Thursday, March 25, 2010

The Read-Aloud Streak

For those of you who’ve been following along for awhile, you already know how passionately I believe in reading aloud together.

I’m privileged to serve on the Bank Street Children’s Book Committee, and one of the great pleasures I derive from the many hours we spend together discussing books is when one of the members says, “Just listen to the language here,” or “look how playful the rhythms are in this section,” and he or she proceeds to read aloud the author’s words. To sit back and let the words wash over me is sheer heaven. I have never outgrown it. And if you are truly honest with yourself, you haven’t outgrown it either. There is nothing like the sound of a true storyteller’s voice.

That brings me to the piece I discovered in last Sunday’s New York Times. A father and daughter had started what they deemed, “The Streak”—a read-aloud streak. Kristen and Jim Brozina began to read aloud together on November 11, 1997, when Kristen was in fourth grade, and read for 3,218 straight nights until her first day of college. At a time when their family’s composition was changing (Kristen’s mother left the family, and her older sister left for college), this father-daughter read-aloud ritual became a stabilizing force for them both.

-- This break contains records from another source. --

lemma square_gaps_product_ge:
  fixes \<beta> \<alpha> \<kappa> :: real assumes "\<kappa> \<in> {\<beta>..\<alpha>}" "0 < \<beta>"
  shows "\<beta>^2 * ((\<kappa> - \<beta>) * (\<alpha> - \<kappa>)) \<le> (\<kappa>^2 - \<beta>^2) * (\<alpha>^2 - \<kappa>^2)"
proof -
  have "\<beta>^2 \<le> (\<kappa> + \<beta>) * (\<alpha> + \<kappa>)"
    using assms by (simp add: power2_eq_square mult_mono)
  then have "\<beta>^2 * ((\<kappa> - \<beta>) * (\<alpha> - \<kappa>)) \<le> ((\<kappa> + \<beta>) * (\<alpha> + \<kappa>)) * ((\<kappa> - \<beta>) * (\<alpha> - \<kappa>))"
    using assms by (intro mult_right_mono) auto
  also have "\<dots> = (\<kappa>^2 - \<beta>^2) * (\<alpha>^2 - \<kappa>^2)"
    by (simp add: power2_eq_square algebra_simps)
  finally show ?thesis .
qed

lemma Qpa_ge_quadratic:
  fixes p a \<beta> \<alpha> :: real
  assumes "0 < p" "p < 1" "a_star p < a" "0 < \<beta>" "\<beta> < \<alpha>" "Qpa p a \<beta> = 0" "Qpa p a \<alpha> = 0"
  obtains c where "0 < c" "\<And>\<kappa>. \<kappa> \<in> {\<beta>..\<alpha>} \<Longrightarrow> c * ((\<kappa> - \<beta>) * (\<alpha> - \<kappa>)) \<le> Qpa p a \<kappa>"
proof -
  define h where "h u = a * u powr (1 - p) - (1 - p)^2 * u - p^2" for u
  have Q_h: "Qpa p a \<kappa> = h (\<kappa>^2)" if "0 < \<kappa>" for \<kappa>
    using Qpa_eq_powr_square[OF that] by (simp add: h_def)
  have "0 \<le> a_star p" by (simp add: a_star_def)
  then have "0 \<le> a" using assms(3) by linarith
  then have concave: "concave_on {0<..} h"
    using concave_on_Qpa_square[of p a] assms(1,2) by (simp add: h_def[abs_def])
  obtain U where U: "0 < U" "0 < h U"
    using ex_pos_Qpa_square[OF assms(1-3)] by (auto simp: h_def)
  have zeros: "h (\<beta>^2) = 0" "h (\<alpha>^2) = 0" "\<beta>^2 < \<alpha>^2"
    using assms Q_h by (auto intro: power_strict_mono)
  have between: "\<beta>^2 < U" "U < \<alpha>^2"
    using concave_on_zeros_pos_between[OF concave _ _ _ _ zeros(3,1,2) U(2)] assms(4,5) U(1)
    by auto
  have "{\<beta>^2..\<alpha>^2} \<subseteq> {0<..}"
    using assms(4) by (auto intro: less_le_trans[OF zero_less_power])
  then have concave_Icc: "concave_on {\<beta>^2..\<alpha>^2} h"
    by (intro concave_on_subset[OF concave]) auto
  define c where "c = h U * \<beta>^2 / (\<alpha>^2 - \<beta>^2)^2"
  show thesis
  proof
    show "0 < c" using U(2) assms(4) zeros(3) by (simp add: c_def)
    fix \<kappa> assume \<kappa>: "\<kappa> \<in> {\<beta>..\<alpha>}"
    have "\<beta>^2 * ((\<kappa> - \<beta>) * (\<alpha> - \<kappa>)) \<le> (\<kappa>^2 - \<beta>^2) * (\<alpha>^2 - \<kappa>^2)"
      using \<kappa> assms(4) by (rule square_gaps_product_ge)
    then have "h U / (\<alpha>^2 - \<beta>^2)^2 * (\<beta>^2 * ((\<kappa> - \<beta>) * (\<alpha> - \<kappa>)))
        \<le> h U / (\<alpha>^2 - \<beta>^2)^2 * ((\<kappa>^2 - \<beta>^2) * (\<alpha>^2 - \<kappa>^2))"
      using U(2) by (intro mult_left_mono) auto
    then have "c * ((\<kappa> - \<beta>) * (\<alpha> - \<kappa>))
        \<le> h U * ((\<kappa>^2 - \<beta>^2) * (\<alpha>^2 - \<kappa>^2) / (\<alpha>^2 - \<beta>^2)^2)"
      by (simp add: c_def)
    also have "\<dots> \<le> h (\<kappa>^2)"
      using concave_on_ge_quadratic[OF concave_Icc zeros(1,2) between] U(2) \<kappa> assms(4)
      by (auto intro: power_mono)
    also have "\<dots> = Qpa p a \<kappa>" using Q_h \<kappa> assms(4) by simp
    finally show "c * ((\<kappa> - \<beta>) * (\<alpha> - \<kappa>)) \<le> Qpa p a \<kappa>" .
  qed
qed
(* Let $R$ be a $*$-reducing ring, let $p,q\in R$ be projections, and put $\overline{p}=1-p$, $\overline{q}=1-q$. Then the following are equivalent: (1) $p+q-pq$ is MP invertible; (2) $p+\overline{p}q\overline{p}$ is MP invertible; (3) $\overline{p}q\overline{p}$ is MP invertible; (4) $q-pq$ is MP invertible; (5) $q-qp$ is MP invertible; (6) $p+q-qp$ is MP invertible; (7) $q+\overline{q}p\overline{q}$ is MP invertible; (8) $\overline{q}p\overline{q}$ is MP invertible; (9) $p-qp$ is MP invertible; (10) $p-pq$ is MP invertible.
   Context: $R$ is an associative ring with identity $1$ and an involution $a\mapsto a^*$ (satisfying $(a^* )^*=a$, $(a+b)^*=a^*+b^*$, $(ab)^*=b^*a^*$). $R$ is $*$-reducing if $a^*a=0$ implies $a=0$ for all $a\in R$. An element $a$ is MP invertible if there is $b$ with $aba=a$, $bab=b$, $(ab)^*=ab$, $(ba)^*=ba$; this $b$ is unique and written $a^{\dagger}$. A projection is an element $p$ with $p^2=p=p^*$. *)

theory Defs
  imports Main
begin

definition is_involution :: "('a::ring_1 \<Rightarrow> 'a) \<Rightarrow> bool" where
  "is_involution s \<longleftrightarrow> (\<forall>a. s (s a) = a) \<and> (\<forall>a b. s (a + b) = s a + s b)
     \<and> (\<forall>a b. s (a * b) = s b * s a)"

definition star_reducing :: "('a::ring_1 \<Rightarrow> 'a) \<Rightarrow> bool" where
  "star_reducing s \<longleftrightarrow> (\<forall>a. s a * a = 0 \<longrightarrow> a = 0)"

definition MP_inverse :: "('a::ring_1 \<Rightarrow> 'a) \<Rightarrow> 'a \<Rightarrow> 'a \<Rightarrow> bool" where
  "MP_inverse s a b \<longleftrightarrow> a * b * a = a \<and> b * a * b = b \<and> s (a * b) = a * b \<and> s (b * a) = b * a"

definition MP_invertible :: "('a::ring_1 \<Rightarrow> 'a) \<Rightarrow> 'a \<Rightarrow> bool" where
  "MP_invertible s a \<longleftrightarrow> (\<exists>b. MP_inverse s a b)"

definition projection :: "('a::ring_1 \<Rightarrow> 'a) \<Rightarrow> 'a \<Rightarrow> bool" where
  "projection s p \<longleftrightarrow> p * p = p \<and> s p = p"

end

theory Submission
  imports Defs
begin

text \<open>
  Write \<open>p' = 1 - p\<close>. In the Peirce decomposition with respect to \<open>p\<close> the element
  \<open>p + q - pq = p + g + u\<close> is lower triangular, with diagonal \<open>p\<close> and \<open>u = p'qp'\<close> and
  off-diagonal part \<open>g = p'qp\<close>. If \<open>u\<close> has an MP inverse \<open>w\<close>, the identity
  \<open>g g\<^sup>* = u - u\<^sup>2\<close> and \<open>*\<close>-reducedness put \<open>g\<close> into the range of \<open>u\<close>, and then
  \<open>p - wg + w\<close> is an MP inverse of \<open>p + g + u\<close>. Conversely, \<open>*\<close>-reducedness shows that the
  range of an MP-invertible \<open>p + q - pq\<close> contains \<open>p\<close>, and cutting the inverse down to
  the corner gives an MP inverse of \<open>u\<close>. The remaining equivalences come from
  \<open>(q - pq)(q - pq)\<^sup>* = u\<close>, from the invariance of MP invertibility under \<open>a \<mapsto> a\<^sup>*\<close>
  and \<open>a \<mapsto> a a\<^sup>*\<close>, from adding the orthogonal projection \<open>p\<close>, and from exchanging
  \<open>p\<close> and \<open>q\<close>.
\<close>

lemma mult_assoc_extend: "(a::'a::semigroup_mult) * b = c \<Longrightarrow> a * (b * t) = c * t"
  by (simp add: mult.assoc[symmetric])

locale ring_with_involution =
  fixes s :: "'a::ring_1 \<Rightarrow> 'a"
  assumes involution: "is_involution s"
begin

lemma star_star [simp]: "s (s a) = a"
  and star_add [simp]: "s (a + b) = s a + s b"
  and star_mult [simp]: "s (a * b) = s b * s a"
  using involution unfolding is_involution_def by blast+

lemma star_zero [simp]: "s 0 = 0"
  using star_add[of 0 0] by simp

lemma star_uminus [simp]: "s (- a) = - s a"
  using star_add[of a "- a"] by (simp add: minus_unique)

lemma star_diff [simp]: "s (a - b) = s a - s b"
  by (simp only: diff_conv_add_uminus star_add star_uminus)

lemma star_one [simp]: "s 1 = 1"
  using star_mult[of "s 1" 1] by simp

lemma MP_inverse_unique:
  assumes b: "MP_inverse s a b" and c: "MP_inverse s a c"
  shows "b = c"
proof -
  have ab: "a * b = s b * s a" and ba: "b * a = s a * s b"
    and ac: "a * c = s c * s a" and ca: "c * a = s a * s c"
    and aba: "a * b * a = a" and bab: "b * a * b = b"
    and aca: "a * c * a = a" and cac: "c * a * c = c"
    using b c unfolding MP_inverse_def by (metis star_mult)+
  have "b = b * (s b * s a)"
    using ab bab by (simp add: mult.assoc)
  also have "\<dots> = b * (s b * s a) * (s c * s a)"
    using arg_cong[OF aca, of s] by (simp add: mult.assoc)
  also have "\<dots> = b * a * c"
    using ab ac bab by (simp add: mult.assoc)
  also have "\<dots> = (s a * s b) * (s a * s c) * c"
    using ba ca cac by (metis mult.assoc)
  also have "\<dots> = s a * s c * c"
    using arg_cong[OF aba, of s] by (simp add: mult.assoc[symmetric])
  also have "\<dots> = c"
    using ca cac by simp
  finally show ?thesis .
qed

lemma MP_inverse_star: "MP_inverse s a b \<Longrightarrow> MP_inverse s (s a) (s b)"
  unfolding MP_inverse_def by (metis star_mult star_star mult.assoc)

lemma MP_invertible_star_iff: "MP_invertible s (s a) \<longleftrightarrow> MP_invertible s a"
  unfolding MP_invertible_def by (metis MP_inverse_star star_star)

lemma MP_inverse_hermitian: "s a = a \<Longrightarrow> MP_inverse s a b \<Longrightarrow> s b = b"
  using MP_inverse_star MP_inverse_unique by metis

lemma MP_inverse_mult_star:
  assumes "MP_inverse s a b"
  shows "MP_inverse s (a * s a) (s b * b)"
proof -
  have aba: "a * (b * a) = a" and bab: "b * (a * b) = b"
    and ab: "s b * s a = a * b" and ba: "s a * s b = b * a"
    using assms unfolding MP_inverse_def by (auto simp: mult.assoc)
  have bx: "b * (a * s a) = s a"
    using arg_cong[OF aba, of s] ba by (simp add: mult.assoc[symmetric])
  have ax: "a * (b * s b) = s b"
    using arg_cong[OF bab, of s] ab by (simp add: mult.assoc[symmetric])
  note rules = aba bab ab ba bx ax
  note rules' = rules[THEN mult_assoc_extend, simplified mult.assoc]
  show ?thesis
    unfolding MP_inverse_def by (simp add: mult.assoc rules rules')
qed

lemma MP_inverse_mult_zero_right:
  assumes "MP_inverse s u w" "s p = p" "p * u = 0"
  shows "w * p = 0"
proof -
  have "w * p = w * s (u * w) * p"
    using assms(1) unfolding MP_inverse_def by (simp add: mult.assoc)
  also have "\<dots> = w * s w * s (p * u)"
    using assms(2) by (simp add: mult.assoc)
  finally show ?thesis
    using assms(3) by simp
qed

lemma MP_inverse_mult_zero_left:
  assumes "MP_inverse s u w" "s p = p" "u * p = 0"
  shows "p * w = 0"
proof -
  have "p * w = p * s (w * u) * w"
    using assms(1) unfolding MP_inverse_def by (simp add: mult.assoc)
  also have "\<dots> = s (u * p) * s w * w"
    using assms(2) by (simp add: mult.assoc)
  finally show ?thesis
    using assms(3) by simp
qed

lemma MP_inverse_corner:
  assumes inv: "MP_inverse s y Y" and p: "projection s p"
    and py: "p * y = p" and yYp: "y * (Y * p) = p"
  shows "MP_inverse s (y - y * p) (Y - Y * p)"
proof -
  have pp: "p * p = p" and sp: "s p = p"
    using p unfolding projection_def by auto
  have yYy: "y * (Y * y) = y" and YyY: "Y * (y * Y) = Y"
    and yY: "s (y * Y) = y * Y" and Yy: "s (Y * y) = Y * y"
    using inv unfolding MP_inverse_def by (auto simp: mult.assoc)
  have "p * (y * Y) = p"
    using arg_cong[OF yYp, of s] yY sp by (simp add: mult.assoc)
  then have pY: "p * Y = p"
    using py by (simp add: mult.assoc[symmetric])
  have Yyp: "Y * (y * p) = p"
    using arg_cong[OF pY, of s] arg_cong[OF py, of s] Yy sp by (metis star_mult mult.assoc)
  note rules = pp py pY yYp Yyp yYy YyY
  note rules' = rules[THEN mult_assoc_extend, simplified mult.assoc]
  have uw: "(y - y * p) * (Y - Y * p) = y * Y - p"
    by (simp add: algebra_simps rules rules')
  have wu: "(Y - Y * p) * (y - y * p) = Y * y - p"
    by (simp add: algebra_simps rules rules')
  show ?thesis
    unfolding MP_inverse_def uw wu using yY Yy sp
    by (simp add: algebra_simps rules rules')
qed

text \<open>In the Peirce decomposition with respect to \<open>p\<close>, \<open>p + g + u\<close> is the lower triangular
  matrix with diagonal \<open>(1, u)\<close> and off-diagonal entry \<open>g\<close>.\<close>
lemma MP_inverse_triangular:
  assumes p: "projection s p"
    and pg: "p * g = 0" and gp: "g * p = g"
    and pu: "p * u = 0" and up: "u * p = 0" and gu: "g * u = 0"
    and inv: "MP_inverse s u w" and uwg: "u * (w * g) = g"
  shows "MP_inverse s (p + g + u) (p - w * g + w)"
proof -
  have pp: "p * p = p" and sp: "s p = p"
    using p unfolding projection_def by auto
  have uwu: "u * (w * u) = u" and wuw: "w * (u * w) = w"
    and uw: "s (u * w) = u * w" and wu: "s (w * u) = w * u"
    using inv unfolding MP_inverse_def by (auto simp: mult.assoc)
  have wp: "w * p = 0" and pw: "p * w = 0"
    using MP_inverse_mult_zero_right MP_inverse_mult_zero_left inv sp pu up by auto
  have gw: "g * w = 0"
    using gp pw by (metis mult.assoc mult_zero_right)
  have gg: "g * g = 0"
    using gp pg by (metis mult.assoc mult_zero_right)
  note rules = pp pg gp pu up gu wp pw gw gg uwg uwu wuw
  note rules' = rules[THEN mult_assoc_extend, simplified mult.assoc]
  have yY: "(p + g + u) * (p - w * g + w) = p + u * w"
    by (simp add: algebra_simps rules rules')
  have Yy: "(p - w * g + w) * (p + g + u) = p + w * u"
    by (simp add: algebra_simps rules rules')
  show ?thesis
    unfolding MP_inverse_def yY Yy using uw wu sp
    by (simp add: algebra_simps rules rules')
qed

lemma MP_invertible_add_orthogonal_projection_iff:
  assumes p: "projection s p" and pu: "p * u = 0" and up: "u * p = 0"
  shows "MP_invertible s (p + u) \<longleftrightarrow> MP_invertible s u"
proof
  have pp: "p * p = p"
    using p unfolding projection_def by auto
  assume "MP_invertible s (p + u)"
  then obtain Y where Y: "MP_inverse s (p + u) Y"
    unfolding MP_invertible_def by blast
  have "(p + u) * p = p"
    using pp up by (simp add: algebra_simps)
  then have "(p + u) * (Y * p) = p"
    using Y unfolding MP_inverse_def by (metis mult.assoc)
  then have "MP_inverse s (p + u - (p + u) * p) (Y - Y * p)"
    using MP_inverse_corner[OF Y p] pp pu by (simp add: algebra_simps)
  then show "MP_invertible s u"
    using pp up unfolding MP_invertible_def by (auto simp: algebra_simps)
next
  assume "MP_invertible s u"
  then obtain w where "MP_inverse s u w"
    unfolding MP_invertible_def by blast
  then have "MP_inverse s (p + 0 + u) (p - w * 0 + w)"
    by (intro MP_inverse_triangular[OF p _ _ pu up]) simp_all
  then show "MP_invertible s (p + u)"
    unfolding MP_invertible_def by auto
qed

And what did I think of? Another parent and child who share a love of books and, more specifically, poetry: Julie Andrews and her daughter, Emma Walton Hamilton. They share a love of writing poetry, too, and include some of their own works in Julie Andrews’ Collection of Poems, Songs, and Lullabies, illustrated by the wonderful James McMullan. Music is another powerful way into words and literacy, too, and the mother-daughter selectors include a wide range of song lyrics, not only diverse in their uplifting or melancholy tones, but also in their level of sophistication. There is plenty here for the entire family to enjoy.